(Saved data entries)
= = = = =
lemma point_vec_Nil_in_lap_lattice:
  "d \<ge> 1 \<Longrightarrow> point_vec [] (int d * (int d - 1) ^ h) \<in> lap_lattice d h"
  using lap_comb_subtree_vec_Nil unfolding lap_lattice_eq_range point_vec_def by (metis rangeI)

lemma point_vec_snoc_in_lap_lattice:
  assumes d: "d \<ge> 1" and w: "w \<in> tvert d h" "w \<noteq> []"
    and parent: "point_vec (butlast w) (c * repunit (int d - 1) (Suc (h - length w))) \<in> lap_lattice d h"
  shows "point_vec w (c * repunit (int d - 1) (Suc (Suc (h - length w)))) \<in> lap_lattice d h"
proof -
  have "w \<noteq> butlast w" using w(2) by (cases w rule: rev_cases) auto
  then have "point_vec w (c * repunit (int d - 1) (Suc (Suc (h - length w)))) =
      (\<lambda>u. c * lap_comb d h (subtree_vec d h w) u
        + point_vec (butlast w) (c * repunit (int d - 1) (Suc (h - length w))) u)"
    by (auto simp: lap_comb_subtree_vec[OF d w] point_vec_def)
  moreover have "lap_comb d h (subtree_vec d h w) \<in> lap_lattice d h"
    unfolding lap_lattice_eq_range by simp
  ultimately show ?thesis using lap_lattice_add[OF lap_lattice_scale parent] by simp
qed

lemma point_vec_in_lap_lattice:
  fixes N n :: int
  assumes d: "d \<ge> 1"
    and root: "int d * (int d - 1) ^ h * repunit (int d - 1) (Suc h) dvd N"
    and repunit_dvd: "\<And>m. 2 \<le> m \<Longrightarrow> m \<le> Suc h \<Longrightarrow> repunit (int d - 1) m dvd N"
    and u: "u \<in> tvert d h" "u \<noteq> []"
    and "N dvd n * repunit (int d - 1) (Suc (h - length u))"
    and "repunit (int d - 1) (Suc (Suc (h - length u))) dvd n"
  shows "point_vec u n \<in> lap_lattice d h"
  using u assms(6,7)
proof (induction u arbitrary: n rule: rev_induct)
  case Nil
  then show ?case by simp
next
  case (snoc x v)
  let ?R = "repunit (int d - 1)"
  define k where "k = h - length (v @ [x])"
  have k: "h - length v = Suc k" using length_le_if_in_tvert[OF snoc.prems(1)] by (simp add: k_def)
  obtain c where n: "n = ?R (Suc (Suc k)) * c"
    using snoc.prems(4) by (auto simp: k_def elim: dvdE)
  have N_dvd: "N dvd ?R (Suc (Suc k)) * (c * ?R (Suc k))"
    using snoc.prems(3) by (simp add: n k_def mult_ac)
  have "point_vec v (c * ?R (Suc k)) \<in> lap_lattice d h"
  proof (cases "v = []")
    case True
    then have "h = Suc k" using k by simp
    have "int d * (int d - 1) ^ h * ?R (Suc h) dvd (c * ?R (Suc k)) * ?R (Suc h)"
      using dvd_trans[OF root N_dvd] \<open>h = Suc k\<close> by (simp add: mult_ac)
    moreover have "?R (Suc h) \<noteq> 0"
      using repunit_pos[of "int d - 1" "Suc h"] d by simp
    ultimately have "int d * (int d - 1) ^ h dvd c * ?R (Suc k)" by simp
    then show ?thesis
      using point_vec_mult_in_lap_lattice[OF point_vec_Nil_in_lap_lattice[OF d]] True
      by (auto elim!: dvdE simp: mult.commute)
  next
    case False
    have v: "v \<in> tvert d h" using snoc.prems(1) butlast_in_tvert by fastforce
    have "length v \<ge> 1" using False by (cases v) auto
    then have "?R (Suc (Suc (Suc k))) dvd N" using k by (intro repunit_dvd) auto
    then have "?R (Suc (Suc (Suc k))) dvd ?R (Suc (Suc k)) * (c * ?R (Suc k))"
      using N_dvd by (rule dvd_trans)
    then have "?R (Suc (Suc (Suc k))) dvd c * ?R (Suc k)"
      by (simp add: coprime_dvd_mult_right_iff[OF coprime_repunit_Suc])
    then show ?thesis using snoc.IH[OF v False] N_dvd k by (simp add: mult_ac)
  qed
  then show ?case
    using point_vec_snoc_in_lap_lattice[OF d snoc.prems(1)] n by (simp add: k_def mult.commute)
qed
= = = = =
§ **BRIEF**:
Begin at the line above that has "using lap_comb_subtree_vec_Nil unfolding" and stop after the line that has "by (auto simp: lap_comb_subtree_vec[OF", copying each line exactly and adding nothing else.

§ **EXERCISE RESPONSE**:
  using lap_comb_subtree_vec_Nil unfolding lap_lattice_eq_range point_vec_def by (metis rangeI)

lemma point_vec_snoc_in_lap_lattice:
  assumes d: "d \<ge> 1" and w: "w \<in> tvert d h" "w \<noteq> []"
    and parent: "point_vec (butlast w) (c * repunit (int d - 1) (Suc (h - length w))) \<in> lap_lattice d h"
  shows "point_vec w (c * repunit (int d - 1) (Suc (Suc (h - length w)))) \<in> lap_lattice d h"
proof -
  have "w \<noteq> butlast w" using w(2) by (cases w rule: rev_cases) auto
  then have "point_vec w (c * repunit (int d - 1) (Suc (Suc (h - length w)))) =
      (\<lambda>u. c * lap_comb d h (subtree_vec d h w) u
        + point_vec (butlast w) (c * repunit (int d - 1) (Suc (h - length w))) u)"
    by (auto simp: lap_comb_subtree_vec[OF d w] point_vec_def)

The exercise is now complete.